Durch den Radfahrerstreifen an der Adickes- und Nibelungenallee fühlte sich der erfahrene Linienbusfahrer in Sicherheit. Weil er deutlich links neben der weißen Markierung zum Überholen der Radfahrerin ansetzte, dachte er sich nichts Böses. Irgendetwas aber muss das Mädchen dann doch irritiert haben. War es der plötzlich hinter ihr auftauchende Bus – ein „großes Ungetüm“, wie es die Amtsrichterin formulierte – oder erschreckte sie aus anderem Grund. Jedenfalls fiel die 14-Jährige zu Boden und wurde von dem Bus praktisch noch ein Stück überrollt. Besonders der linke Unterschenkel wurde schwer geschädigt. Das Mädchen musste längere Zeit stationär in die Klinik und wurde dort innerhalb der nächsten Monate vier Mal operiert – zwischendurch waren Komplikationen aufgetreten, es bestand auch das Risiko einer Beinamputation.

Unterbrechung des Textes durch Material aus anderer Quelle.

text \<open>Removing a coordinate \<open>j\<close> merges the weights of \<open>T\<close> and \<open>insert j T\<close>;
  by the log-sum inequality this can only increase the other conditional entropies.\<close>
lemma sum_cond_entropy_le_entropy:
  assumes "finite I" "\<And>S. 0 \<le> P S"
  shows "(\<Sum>i\<in>I. cond_entropy I i P) \<le> entropy I P"
  using assms
proof (induction I arbitrary: P rule: finite_induct)
  case empty
  then show ?case by (simp add: entropy_def)
next
  case (insert j I)
  define P' where "P' = (\<lambda>T. P T + P (insert j T))"
  have "(\<Sum>i\<in>insert j I. cond_entropy (insert j I) i P)
      = (\<Sum>i\<in>I. cond_entropy (insert j I) i P) + cond_entropy (insert j I) j P"
    using insert.hyps by (simp add: add.commute)
  also have "\<dots> \<le> (\<Sum>i\<in>I. cond_entropy I i P') + cond_entropy (insert j I) j P"
    unfolding P'_def
    by (intro add_right_mono sum_mono cond_entropy_insert_le) (use insert in auto)
  also have "\<dots> \<le> entropy I P' + cond_entropy (insert j I) j P"
    by (intro add_right_mono insert.IH) (simp add: P'_def insert.prems)
  also have "\<dots> = entropy (insert j I) P"
    unfolding P'_def by (rule entropy_insert[symmetric]) (use insert in auto)
  finally show ?case .
qed

lemma entropy_le_cross_entropy:
  assumes "finite I" "\<And>S. S \<in> Pow I \<Longrightarrow> 0 \<le> P S" "(\<Sum>S\<in>Pow I. P S) = 1"
    and "\<And>S. S \<in> Pow I \<Longrightarrow> 0 \<le> Q S" "(\<Sum>S\<in>Pow I. Q S) \<le> 1"
    and "\<And>S. S \<in> Pow I \<Longrightarrow> 0 < P S \<Longrightarrow> 0 < Q S"
  shows "entropy I P \<le> - (\<Sum>S\<in>Pow I. P S * ln (Q S))"
proof -
  have "P S * ln (Q S) - P S * ln (P S) \<le> Q S - P S" if "S \<in> Pow I" for S
  proof (cases "P S = 0")
    case False
    with assms that have "0 < P S" "0 < Q S" by (auto simp: order_less_le)
    then have "P S * ln (Q S) - P S * ln (P S) = P S * ln (Q S / P S)"
      by (simp add: ln_div right_diff_distrib)
    also have "\<dots> \<le> Q S - P S"
      using mult_ln_div_le[of "P S" "Q S" 1] \<open>0 < P S\<close> \<open>0 < Q S\<close> by simp
    finally show ?thesis .
  qed (use assms that in simp)
  then have "(\<Sum>S\<in>Pow I. P S * ln (Q S) - P S * ln (P S)) \<le> (\<Sum>S\<in>Pow I. Q S - P S)"
    by (rule sum_mono)
  then show ?thesis
    using assms(3,5) by (simp add: entropy_def sum_subtractf)
qed

section \<open>The operator X on nonnegative real vectors\<close>

definition Xop_real :: "nat \<Rightarrow> (nat set \<Rightarrow> real) \<Rightarrow> nat set \<Rightarrow> real" where
  "Xop_real N f S = (\<Sum>i<N. f (flip i S))"

definition sqnorm :: "nat \<Rightarrow> (nat set \<Rightarrow> real) \<Rightarrow> real" where
  "sqnorm N f = (\<Sum>S\<in>Pow {..<N}. (f S)^2)"

definition rsupport :: "nat \<Rightarrow> (nat set \<Rightarrow> real) \<Rightarrow> nat set set" where
  "rsupport N f = {S\<in>Pow {..<N}. f S \<noteq> 0}"

lemma finite_rsupport [simp]: "finite (rsupport N f)"
  by (simp add: rsupport_def)

lemma rsupport_power2 [simp]: "rsupport N (\<lambda>S. (f S)^2) = rsupport N f"
  by (simp add: rsupport_def)

lemma flip_subset_lessThan [simp]: "i < N \<Longrightarrow> S \<subseteq> {..<N} \<Longrightarrow> flip i S \<subseteq> {..<N}"
  using flip_in_Pow[of i "{..<N}" S] by simp

lemma sqnorm_nonneg: "0 \<le> sqnorm N f"
  by (simp add: sqnorm_def sum_nonneg)

lemma sqnorm_eq_0_iff: "sqnorm N f = 0 \<longleftrightarrow> (\<forall>S\<in>Pow {..<N}. f S = 0)"
  by (simp add: sqnorm_def sum_nonneg_eq_0_iff)

lemma sqnorm_divide: "sqnorm N (\<lambda>S. f S / c) = sqnorm N f / c^2"
  by (simp add: sqnorm_def power_divide sum_divide_distrib)

lemma rsupport_divide: "c \<noteq> 0 \<Longrightarrow> rsupport N (\<lambda>S. f S / c) = rsupport N f"
  by (simp add: rsupport_def)

lemma card_rsupport_pos:
  assumes "(\<Sum>S\<in>Pow {..<N}. P S) = 1"
  shows "0 < card (rsupport N P)"
proof (rule ccontr)
  assume "\<not> 0 < card (rsupport N P)"
  then have "\<forall>S\<in>Pow {..<N}. P S = 0" by (auto simp: rsupport_def)
  with assms show False by simp
qed

lemma sum_if_rsupport:
  "(\<Sum>S\<in>Pow {..<N}. if P S \<noteq> 0 then r else 0) = real (card (rsupport N P)) * r"
  by (simp add: sum.If_cases rsupport_def Int_def conj_commute)

lemma Xop_real_add: "Xop_real N (\<lambda>S. f S + g S) S = Xop_real N f S + Xop_real N g S"
  by (simp add: Xop_real_def sum.distrib)
lemma abs_continuous_on_upper_dini_nonpos_imp_le:
  fixes F :: "real \<Rightarrow> real"
  assumes ab: "a \<le> b" and ac: "abs_continuous_on {a..b} F" and N: "negligible N"
    and dini: "\<And>x. x \<in> {a..b} - N \<Longrightarrow> upper_dini_nonpos_at F {a..b} x"
  shows "F b \<le> F a"
proof (rule field_le_epsilon)
  fix \<epsilon> :: real assume "\<epsilon> > 0"
  then have "\<epsilon> / (b - a + 1) > 0" using ab by simp
  moreover have "\<epsilon> / (b - a + 1) * (b - a) + \<epsilon> / (b - a + 1) = \<epsilon> / (b - a + 1) * (b - a + 1)"
    by (simp only: distrib_left mult_1_right)
  moreover have "\<epsilon> / (b - a + 1) * (b - a + 1) = \<epsilon>" using ab by simp
  ultimately show "F b \<le> F a + \<epsilon>"
    using abs_continuous_on_upper_dini_nonpos_diff_le[OF ab ac N dini, of "\<epsilon> / (b - a + 1)"] by linarith
qed

lemma lipschitz_on_has_derivative_norm_le:
  fixes \<Phi> :: "'a::real_normed_vector \<Rightarrow> 'b::real_normed_vector"
  assumes lip: "L-lipschitz_on S \<Phi>" and z: "z \<in> interior S" and der: "(\<Phi> has_derivative D) (at z)"
  shows "norm (D h) \<le> L * norm h"
proof -
  interpret D: bounded_linear D by (rule has_derivative_bounded_linear[OF der])
  show ?thesis
  proof (cases "h = 0")
    case False
    obtain \<rho> where \<rho>: "\<rho> > 0" "ball z \<rho> \<subseteq> S" using z mem_interior by blast
    show ?thesis
    proof (rule field_le_epsilon)
      fix \<epsilon> :: real assume "\<epsilon> > 0"
      then have "\<epsilon> / norm h > 0" using False by simp
      then obtain d where d: "d > 0"
        and approx: "\<And>y. norm (y - z) < d \<Longrightarrow> norm (\<Phi> y - \<Phi> z - D (y - z)) \<le> \<epsilon> / norm h * norm (y - z)"
        using der unfolding has_derivative_at_alt by blast
      define \<tau> where "\<tau> = min d \<rho> / (2 * norm h)"
      have \<tau>: "\<tau> > 0" "\<tau> * norm h < d" "\<tau> * norm h < \<rho>"
        using False d \<rho> by (auto simp: \<tau>_def field_simps)
      define y where "y = z + \<tau> *\<^sub>R h"
      have y: "norm (y - z) = \<tau> * norm h" "y \<in> S"
        using \<tau> \<rho> by (auto simp: y_def dist_norm)
      have "\<tau> * norm (D h) \<le> norm (\<Phi> y - \<Phi> z) + norm (\<Phi> y - \<Phi> z - D (y - z))"
        using norm_triangle_ineq4[of "\<Phi> y - \<Phi> z" "\<Phi> y - \<Phi> z - D (y - z)"] \<tau>
        by (simp add: y_def D.scaleR)
      also have "\<dots> \<le> L * (\<tau> * norm h) + \<epsilon> / norm h * (\<tau> * norm h)"
        using lipschitz_onD[OF lip y(2) interior_subset[THEN subsetD, OF z]] approx[of y] y \<tau>
        by (intro add_mono) (auto simp: dist_norm)
      also have "\<dots> = \<tau> * (L * norm h + \<epsilon>)"
        using False by (simp add: field_simps)
      finally show "norm (D h) \<le> L * norm h + \<epsilon>"
        using \<tau>(1) by simp
    qed
  qed (simp add: D.zero)
qed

Alles in allem machte die Zeugin gestern aber einen recht guten und gefassten Eindruck – auch wenn sie der schwere Unfall ein ganzes Schuljahr gekostet hat.

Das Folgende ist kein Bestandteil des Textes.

definition AutT :: "('x list \<Rightarrow> 'x list) monoid" where
  "AutT = \<lparr>carrier = tree_aut, monoid.mult = (\<lambda>g h. h \<circ> g), one = id\<rparr>"

text \<open>Section g|_u, defined by (u v).g = (u.g)(v.(g|_u)).\<close>
definition sect :: "('x list \<Rightarrow> 'x list) \<Rightarrow> 'x list \<Rightarrow> ('x list \<Rightarrow> 'x list)" where
  "sect g u = (\<lambda>v. drop (length u) (g (u @ v)))"

definition rooted :: "('x \<Rightarrow> 'x) \<Rightarrow> ('x list \<Rightarrow> 'x list)" where
  "rooted \<rho> = (\<lambda>w. case w of [] \<Rightarrow> [] | x # v \<Rightarrow> \<rho> x # v)"

definition St1 :: "('x list \<Rightarrow> 'x list) set" where
  "St1 = {g \<in> tree_aut. \<forall>x. g [x] = [x]}"

text \<open>Constant spinal group data: rooted group A, directed group B, distinguished letter z (= 0).\<close>
definition CS_data :: "'x \<Rightarrow> ('x list \<Rightarrow> 'x list) set \<Rightarrow> ('x list \<Rightarrow> 'x list) set \<Rightarrow> bool" where
  "CS_data z A B \<longleftrightarrow>
     subgroup A AutT \<and> (\<forall>a\<in>A. \<exists>\<rho>. bij \<rho> \<and> a = rooted \<rho>) \<and>
     (\<forall>x y. \<exists>a\<in>A. a [x] = [y]) \<and>
     subgroup B AutT \<and> B \<subseteq> St1 \<and>
     (\<forall>b\<in>B. sect b [z] = b) \<and>
     (\<forall>b\<in>B. \<forall>x. x \<noteq> z \<longrightarrow> sect b [x] \<in> A) \<and>
     generate AutT {sect b [x] | b x. b \<in> B \<and> x \<noteq> z} = A"

definition CS_group :: "('x list \<Rightarrow> 'x list) set \<Rightarrow> ('x list \<Rightarrow> 'x list) set \<Rightarrow> ('x list \<Rightarrow> 'x list) set" where
  "CS_group A B = generate AutT (A \<union> B)"

definition finite_order :: "('x list \<Rightarrow> 'x list) \<Rightarrow> bool" where
  "finite_order g \<longleftrightarrow> (\<exists>n::nat. n > 0 \<and> g [^]\<^bsub>AutT\<^esub> n = \<one>\<^bsub>AutT\<^esub>)"

definition periodic :: "('x list \<Rightarrow> 'x list) set \<Rightarrow> bool" where
  "periodic H \<longleftrightarrow> (\<forall>g\<in>H. finite_order g)"

definition finite_exponent :: "('x list \<Rightarrow> 'x list) set \<Rightarrow> bool" where
  "finite_exponent H \<longleftrightarrow> (\<exists>n::nat. n > 0 \<and> (\<forall>g\<in>H. g [^]\<^bsub>AutT\<^esub> n = \<one>\<^bsub>AutT\<^esub>))"

definition finite_support :: "'x \<Rightarrow> ('x list \<Rightarrow> 'x list) set \<Rightarrow> bool" where
  "finite_support z B \<longleftrightarrow> (\<forall>b\<in>B. finite {x. sect b [x] \<noteq> id})"

definition conjT :: "('x list \<Rightarrow> 'x list) \<Rightarrow> ('x list \<Rightarrow> 'x list) \<Rightarrow> ('x list \<Rightarrow> 'x list)" where
  "conjT h g = h \<otimes>\<^bsub>AutT\<^esub> g \<otimes>\<^bsub>AutT\<^esub> inv\<^bsub>AutT\<^esub> h"

definition prodT :: "('x list \<Rightarrow> 'x list) list \<Rightarrow> ('x list \<Rightarrow> 'x list)" where
  "prodT gs = foldr (\<lambda>g acc. g \<otimes>\<^bsub>AutT\<^esub> acc) gs \<one>\<^bsub>AutT\<^esub>"

definition syl :: "('x list \<Rightarrow> 'x list) set \<Rightarrow> ('x list \<Rightarrow> 'x list) set \<Rightarrow> ('x list \<Rightarrow> 'x list) \<Rightarrow> nat" where
  "syl A B g = (LEAST n. \<exists>as bs a. length as = n \<and> length bs = n \<and> set as \<subseteq> A \<and> set bs \<subseteq> B \<and>
        a \<in> A \<and> g = prodT (map (\<lambda>(a', b'). conjT a' b') (zip as bs)) \<otimes>\<^bsub>AutT\<^esub> a)"

definition orbitT :: "('x list \<Rightarrow> 'x list) \<Rightarrow> 'x list \<Rightarrow> 'x list set" where
  "orbitT g v = {(g [^]\<^bsub>AutT\<^esub> (k::int)) v | k. True}"

definition orbit_len :: "('x list \<Rightarrow> 'x list) \<Rightarrow> 'x list \<Rightarrow> nat" where
  "orbit_len g v = card (orbitT g v)"

definition first_return_section :: "('x list \<Rightarrow> 'x list) \<Rightarrow> 'x list \<Rightarrow> ('x list \<Rightarrow> 'x list)" where
  "first_return_section g v = sect (g [^]\<^bsub>AutT\<^esub> (orbit_len g v)) v"

end

theory Submission
  imports Defs "HOL-Combinatorics.Orbits"
begin

text \<open>Let H be A if A has finite exponent, and the trivial group if B has finite support. Then H
  has some finite exponent e, and for every g in G and every level m, all but finitely many
  sections of g at level m lie in H: this holds for the generators and survives products and
  inverses. Since G acts on the first level through the periodic group A, an induction on m shows
  that some power g^n fixes every vertex of length at most m. At level m, the subtree below a vertex
  v whose section of g^n lies in H is then fixed by g^(ne); below each of the finitely many other
  vertices, g^(l_g(v)) acts as g||_v. Hence g has finite order as soon as all g||_v at level m do,
  and induction on the syllable length, using the hypothesis on g||_v and T, proves the theorem.\<close>

section \<open>Tree automorphisms and their sections\<close>

lemma tree_aut_length: "g \<in> tree_aut \<Longrightarrow> length (g w) = length w"
  by (simp add: tree_aut_def)
text \<open>
  At a solution \<open>x*\<close> the complementarity conditions turn the absolute value into
  \<open>|(A - \<Omega>B)x* + \<phi>(x*) - \<Omega>\<psi>(x*)| = (A + \<Omega>B)x* + \<phi>(x*) + \<Omega>\<psi>(x*)\<close>, so \<open>(x*, y*)\<close> is a fixed
  point of the FPI map. Subtracting the fixed-point equations and using the Lipschitz bounds and
  \<open>||a| - |b|| \<le> |a - b|\<close> bounds the new errors linearly by the old ones, with the entries of
  \<open>T\<^sub>\<gamma>\<close> as coefficients; taking max-norms gives the contraction estimate. The estimate holds
  equally with \<open>\<gamma>\<close> replaced by any \<open>g \<ge> \<gamma>\<close>, and since \<open>\<parallel>T\<^sub>\<gamma>\<parallel>\<^sub>\<infinity> < 1\<close> is an open condition we may
  take \<open>g > 0\<close>, so that geometric decay of the weighted error controls \<open>x\<^sup>k - x*\<close> and forces any
  second solution to coincide with \<open>x*\<close>.
\<close>

lemma matrix_inv_mult_left:
  assumes "invertible (M :: real ^ 'n ^ 'n)"
  shows "matrix_inv M ** M = mat 1"
proof -
  have "\<exists>M'. M ** M' = mat 1 \<and> M' ** M = mat 1"
    using assms by (simp add: invertible_def)
  from someI_ex[OF this] show ?thesis
    by (simp add: matrix_inv_def)
qed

Dem Busfahrer auf der Anklagebank sah man an, wie sehr ihm der Unfall nahegegangen ist. Über Jahrzehnte bereits mit Bussen und dem städtischen Straßenverkehr vertraut, hatte er sich bislang noch nie etwas zuschulden kommen lassen. Gleichwohl tat er sich schwer, Schuld an dem Missgeschick des Mädchens einzuräumen. Es war der weiße Trennstreifen zwischen der rechten Autofahrspur und dem Fahrradstreifen, der den Gedanken an den gebotenen Sicherheitsabstand wohl in den Hintergrund treten ließ. Eineinhalb bis zwei Meter müsse man je nach Situation rechnen, belehrte ihn die Amtsrichterin, egal ob mit oder ohne Fahrbahnmarkierung. Gerade bei jugendlichen und deshalb im Umgang mit dem Rad noch weniger erfahrenen Verkehrsteilnehmern müssten stets plötzliche Irritationen und Aussetzer einkalkuliert werden.

Staatsanwaltschaft und Gericht waren sich einig darüber, dass die Schuld des Fahrers trotz der schlimmen Folgen eher am unteren Rand der Strafbarkeit anzusiedeln seien. Die Geldstrafe von 3200 Euro (80 Tagessätze) muss der Angeklagte also nicht zahlen, sollte er der Geldauflage von 800 Euro an eine gemeinnützige Einrichtung zum Täter-Opfer-Ausgleich nachkommen.